Experimental Properties:
Further physical and chemical characteristics of Voxelotor include:
- Water Solubility: insoluble in water
- Melting Point: 80-82
- Boiling Point: 539.2±50.0
- logP: 2.85
- pKa: 7.67±0.10
Voxelotor is a type of Hematological Agents
Hematological agents, belonging to the pharmaceutical API category, are a vital class of drugs used in the treatment of various blood disorders and hematological conditions. These agents play a crucial role in managing diseases related to the blood and its components, such as red blood cells, white blood cells, platelets, and plasma.
One significant application of hematological agents is in the treatment of anemia, a condition characterized by a low red blood cell count or hemoglobin level. Hematopoietic growth factors, a subclass of hematological agents, stimulate the production of red blood cells and enhance their maturation, thereby addressing anemia.
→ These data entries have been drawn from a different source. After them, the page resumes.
(* Let $(G;+)$ be a commutative groupoid with elements $r,s,t,u,v$ such that $x+u = v$ and $x+v = u$ for all $x \in \{r,s,t\}$, and $r+s = s$, $s+t = t$, $t+r = r$. Then the multisets $\langle r,s,t,u\rangle$ and $\langle r,s,t,v\rangle$ have the same deck. Moreover, either $r,s,t$ are pairwise distinct or $r = s = t$; in the former case $+$ is not associative, and in the latter case, if $u \neq v$, then $+$ is not left alternative (i.e., the identity $x+(x+y) = (x+x)+y$ fails).
   Context: A (finite) multiset over a set $X$ is a function $X \to \mathbb{N}$ with finite support; $\langle x_1,\dots,x_k\rangle$ denotes the multiset listing its elements with multiplicity. A commutative groupoid is a set $G$ with a commutative binary operation $+$. For a multiset $M = \langle m_1,\dots,m_n\rangle$ ($n\ge 2$) over $G$, the card $M_{\{i,j\}}$ ($i<j$) is obtained from $M$ by removing one occurrence each of $m_i$ and $m_j$ and adding one occurrence of $m_i+m_j$; the deck of $M$ is the multiset of all $\binom n2$ cards. *)

theory Defs
  imports Main "HOL-Library.Multiset"
begin

definition card_of :: "('a \<Rightarrow> 'a \<Rightarrow> 'a) \<Rightarrow> 'a list \<Rightarrow> nat \<Rightarrow> nat \<Rightarrow> 'a multiset" where
  "card_of pl xs i j = add_mset (pl (xs ! i) (xs ! j)) (mset xs - {#xs ! i, xs ! j#})"

text \<open>The deck: multiset of all cards M_{i,j}, i<j<n, for the listing xs of M.\<close>
definition deck :: "('a \<Rightarrow> 'a \<Rightarrow> 'a) \<Rightarrow> 'a list \<Rightarrow> 'a multiset multiset" where
  "deck pl xs = mset (concat (map (\<lambda>i. map (\<lambda>j. card_of pl xs i j) [Suc i..<length xs]) [0..<length xs]))"

end

theory Submission
  imports Defs
begin

text \<open>The cards of \<open>\<langle>a,b,c,w\<rangle>\<close> that merge \<open>w\<close> with one of \<open>a,b,c\<close> turn \<open>w\<close> into the other
  element of \<open>{u,v}\<close>; the remaining three cards keep \<open>w\<close>. So both decks consist of the two
  families \<open>P + u\<close>, \<open>Q + v\<close> and \<open>P + v\<close>, \<open>Q + u\<close>, where \<open>P\<close> lists the pairs left by a merge
  inside \<open>{a,b,c}\<close> and \<open>Q\<close> the pairs left untouched, and the decks agree once \<open>P = Q\<close>.
  The cyclic absorption laws \<open>r+s = s\<close>, \<open>s+t = t\<close>, \<open>t+r = r\<close> give exactly \<open>P = Q\<close>.\<close>

lemma deck_four:
  "deck pl [a, b, c, d] =
     {# add_mset (pl a b) {#c, d#}, add_mset (pl a c) {#b, d#}, add_mset (pl a d) {#b, c#},
        add_mset (pl b c) {#a, d#}, add_mset (pl b d) {#a, c#}, add_mset (pl c d) {#a, b#} #}"
  by (simp add: deck_def card_of_def upt_rec add_mset_commute)

lemma deck_swap_fourth:
  assumes swap: "\<forall>x\<in>{a, b, c}. pl x u = v \<and> pl x v = u"
    and pairs: "{# {#pl a b, c#}, {#pl a c, b#}, {#pl b c, a#} #} = {# {#b, c#}, {#a, c#}, {#a, b#} #}"
  shows "deck pl [a, b, c, u] = deck pl [a, b, c, v]"
proof -
  let ?P = "{# {#pl a b, c#}, {#pl a c, b#}, {#pl b c, a#} #}"
  let ?Q = "{# {#b, c#}, {#a, c#}, {#a, b#} #}"
  have "deck pl [a, b, c, w] = image_mset (add_mset w) ?P + image_mset (add_mset w') ?Q"
    if "w' \<in> {u, v}" "\<forall>x\<in>{a, b, c}. pl x w = w'" for w w'
    using that by (auto simp: deck_four add_mset_commute)
  then have "deck pl [a, b, c, u] = image_mset (add_mset u) ?P + image_mset (add_mset v) ?Q"
    and "deck pl [a, b, c, v] = image_mset (add_mset v) ?P + image_mset (add_mset u) ?Q"
    using swap by auto
  then show ?thesis
    using pairs by (simp add: union_commute)
qed

context
  fixes pl :: "'a \<Rightarrow> 'a \<Rightarrow> 'a" and r s t :: 'a
  assumes comm: "\<forall>x y. pl x y = pl y x"
    and rs: "pl r s = s" and st: "pl s t = t" and tr: "pl t r = r"
begin

lemma cyclic_absorption_pairs:
  "{# {#pl r s, t#}, {#pl r t, s#}, {#pl s t, r#} #} = {# {#s, t#}, {#r, t#}, {#r, s#} #}"
  using comm rs st tr by (simp add: add_mset_commute)

lemma cyclic_absorption_distinct_or_equal:
  "(r \<noteq> s \<and> s \<noteq> t \<and> r \<noteq> t) \<or> (r = s \<and> s = t)"
  using comm rs st tr by metis

lemma cyclic_absorption_not_assoc:
  assumes "r \<noteq> t"
  shows "\<not> (\<forall>x y z. pl (pl x y) z = pl x (pl y z))"
proof -
  have "pl (pl r s) t = t" using rs st by simp
  moreover have "pl r (pl s t) = r" using st tr comm by metis
  ultimately show ?thesis using assms by metis
qed

end

lemma swap_not_left_alternative:
  assumes "pl r r = r" "pl r u = v" "pl r v = u" "u \<noteq> v"
  shows "\<not> (\<forall>x y. pl x (pl x y) = pl (pl x x) y)"
proof -
  have "pl r (pl r u) = u" "pl (pl r r) u = v" using assms by simp_all
  then show ?thesis using assms(4) by metis
qed

theorem mainTheorem7:
  fixes pl :: "'a \<Rightarrow> 'a \<Rightarrow> 'a" and r s t u v :: 'a
  assumes comm: "\<forall>x y. pl x y = pl y x"
    and uv: "\<forall>x\<in>{r, s, t}. pl x u = v \<and> pl x v = u"
    and rs: "pl r s = s" and st: "pl s t = t" and tr: "pl t r = r"
  shows "deck pl [r, s, t, u] = deck pl [r, s, t, v]
    \<and> ((r \<noteq> s \<and> s \<noteq> t \<and> r \<noteq> t) \<or> (r = s \<and> s = t))
    \<and> ((r \<noteq> s \<and> s \<noteq> t \<and> r \<noteq> t) \<longrightarrow> \<not> (\<forall>x y z. pl (pl x y) z = pl x (pl y z)))
    \<and> ((r = s \<and> s = t \<and> u \<noteq> v) \<longrightarrow> \<not> (\<forall>x y. pl x (pl x y) = pl (pl x x) y))"
proof -
  have "deck pl [r, s, t, u] = deck pl [r, s, t, v]"
    using deck_swap_fourth[OF uv cyclic_absorption_pairs[OF comm rs st tr]] .
  moreover have "(r \<noteq> s \<and> s \<noteq> t \<and> r \<noteq> t) \<or> (r = s \<and> s = t)"
    using cyclic_absorption_distinct_or_equal[OF comm rs st tr] .
  moreover have "r \<noteq> t \<Longrightarrow> \<not> (\<forall>x y z. pl (pl x y) z = pl x (pl y z))"
    using cyclic_absorption_not_assoc[OF comm rs st tr] .
  moreover have "r = s \<and> s = t \<and> u \<noteq> v \<Longrightarrow> \<not> (\<forall>x y. pl x (pl x y) = pl (pl x x) y)"
    using swap_not_left_alternative[of pl r u v] rs uv by auto
  ultimately show ?thesis by blast
qed

end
Another area where hematological agents demonstrate their therapeutic potential is in the treatment of blood cancers, such as leukemia, lymphoma, and multiple myeloma. These agents, including chemotherapy drugs and targeted therapies, help suppress the abnormal growth of cancer cells and restore normal blood cell production.
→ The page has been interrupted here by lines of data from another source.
lemma sum_list_flat:
  assumes "\<forall>a\<in>set \<alpha>. 0 < a"
  shows "sum_list (flat \<alpha>) = sum_list \<alpha>"
proof (cases "length \<alpha> \<le> 1")
  case False
  then have "2 \<le> length \<alpha>"
    by simp
  then obtain a mid b where "\<alpha> = a # mid @ [b]"
    by (rule Cons_snoc_cases)
  with assms show ?thesis
    by (simp add: flat_Cons_snoc sum_list_rev)
qed (simp add: flat_def)

lemma Iset_flat: "Iset (flat \<alpha>) = (\<lambda>s. sum_list \<alpha> + 1 - s) ` Iset \<alpha>"
proof (cases "length \<alpha> \<le> 1")
  case True
  then show ?thesis by (simp add: flat_def Iset_eq_image)
next
  case False
  then have "2 \<le> length \<alpha>"
    by simp
  then obtain a mid b where \<alpha>: "\<alpha> = a # mid @ [b]"
    by (rule Cons_snoc_cases)
  let ?l = "length \<alpha>"
  have partial_sums: "sum_list (take j (flat \<alpha>)) = sum_list \<alpha> + 1 - sum_list (take (?l - j) \<alpha>)"
    if j: "j \<in> {1..<?l}" for j
  proof -
    obtain i where i: "j = Suc i" "i \<le> length mid"
      using j by (cases j) (auto simp: \<alpha>)
    have "take (?l - j) \<alpha> = a # take (length mid - i) mid"
      using i by (simp add: \<alpha> Suc_diff_le)
    moreover have "take j (flat \<alpha>) = (b + 1) # rev (drop (length mid - i) mid)"
      using i by (simp add: \<alpha> flat_Cons_snoc take_rev)
    moreover have
      "sum_list mid = sum_list (take (length mid - i) mid) + sum_list (drop (length mid - i) mid)"
      by (metis append_take_drop_id sum_list_append)
    ultimately show ?thesis by (simp add: \<alpha>)
  qed
  have reflect: "(\<lambda>j. ?l - j) ` {1..<?l} = {1..<?l}"
  proof
    show "{1..<?l} \<subseteq> (\<lambda>j. ?l - j) ` {1..<?l}"
    proof
      fix j assume "j \<in> {1..<?l}"
      then show "j \<in> (\<lambda>j. ?l - j) ` {1..<?l}"
        by (intro rev_image_eqI[of "?l - j"]) auto
    qed
  qed auto
  have "Iset (flat \<alpha>) = (\<lambda>j. sum_list \<alpha> + 1 - sum_list (take (?l - j) \<alpha>)) ` {1..<?l}"
    unfolding Iset_eq_image using partial_sums
    by (intro image_cong) (simp_all add: \<alpha> flat_Cons_snoc)
  also have "\<dots> =
      (\<lambda>s. sum_list \<alpha> + 1 - s) ` (\<lambda>j. sum_list (take j \<alpha>)) ` (\<lambda>j. ?l - j) ` {1..<?l}"
    by (simp add: image_image)
  finally show ?thesis
    unfolding reflect Iset_eq_image .
qed

lemma zeta2_eq_split_count: "(zeta2 s t u n :: 'a::field) = of_nat (split_count (zrel s) (zrel t) u)"
  unfolding zeta2_def zeta_def split_count_def of_nat_sum by (intro sum.cong) auto

lemma prod_list_map_if_zero:
  "prod_list (map (\<lambda>x. if P x then c else 0) xs) =
     (if \<forall>x\<in>set xs. P x then c ^ length xs else (0::'a::semiring_1))"
  by (induction xs) auto

lemma transp_zrel: "transp (zrel s)"
  by (cases s) (auto simp: transp_def)

lemma Psi_eq_K:
  assumes complement: "zrel t = (\<lambda>x y. \<not> zrel s x y)"
    and turns_eq: "turns (zrel s) (zrel t) u = Iset \<alpha>" and sum_eq: "sum_list \<alpha> = length u"
  shows "(Psi s t u n :: nat list \<Rightarrow> 'a::field) = K \<alpha>"
proof
  fix \<gamma>
  show "(Psi s t u n \<gamma> :: 'a) = K \<alpha> \<gamma>"
  proof (cases "is_comp \<gamma> (length u)")
    case False
    then show ?thesis by (auto simp: Psi_def zeta_gamma_def K_def sum_eq is_comp_def)
  next
    case True
    then have pos: "\<forall>g\<in>set \<gamma>. 0 < g" and sum: "sum_list \<gamma> = length u"
      by (auto simp: is_comp_def)
    have "zeta2 s t b n = (if turns (zrel s) (zrel t) b = {} then 2 else (0::'a))"
      if "b \<in> set (blocks \<gamma> u)" for b
    proof -
      from that Nil_notin_blocks[OF pos sum] have "b \<noteq> []"
        by blast
      then obtain x v where "b = x # v"
        by (auto simp: neq_Nil_conv)
      then show ?thesis
        using split_count_Cons[OF transp_zrel transp_zrel complement]
        by (simp add: zeta2_eq_split_count)
    qed
    then have "(Psi s t u n \<gamma> :: 'a) =
        prod_list (map (\<lambda>b. if turns (zrel s) (zrel t) b = {} then 2 else 0) (blocks \<gamma> u))"
      unfolding Psi_def zeta_gamma_def using pos sum by (simp cong: map_cong)
    also have "\<dots> = (if turns (zrel s) (zrel t) u \<subseteq> Iset \<gamma> \<union> (\<lambda>i. i + 1) ` Iset \<gamma>
                       then 2 ^ length \<gamma> else 0)"
      by (simp add: prod_list_map_if_zero no_turns_in_blocks[OF pos sum] length_blocks)
    finally show ?thesis
      using True by (simp add: K_def sum_eq turns_eq)
  qed
qed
Hematological agents also find application in managing bleeding disorders, such as hemophilia and thrombocytopenia. They work by promoting blood clotting and preventing excessive bleeding. Additionally, certain hematological agents function as immunosuppressants, playing a crucial role in hematopoietic stem cell transplantation and preventing graft-versus-host disease.
Overall, hematological agents form a vital category within the pharmaceutical API domain, offering targeted treatments for a range of blood disorders and playing a significant role in improving the quality of life for patients with hematological conditions.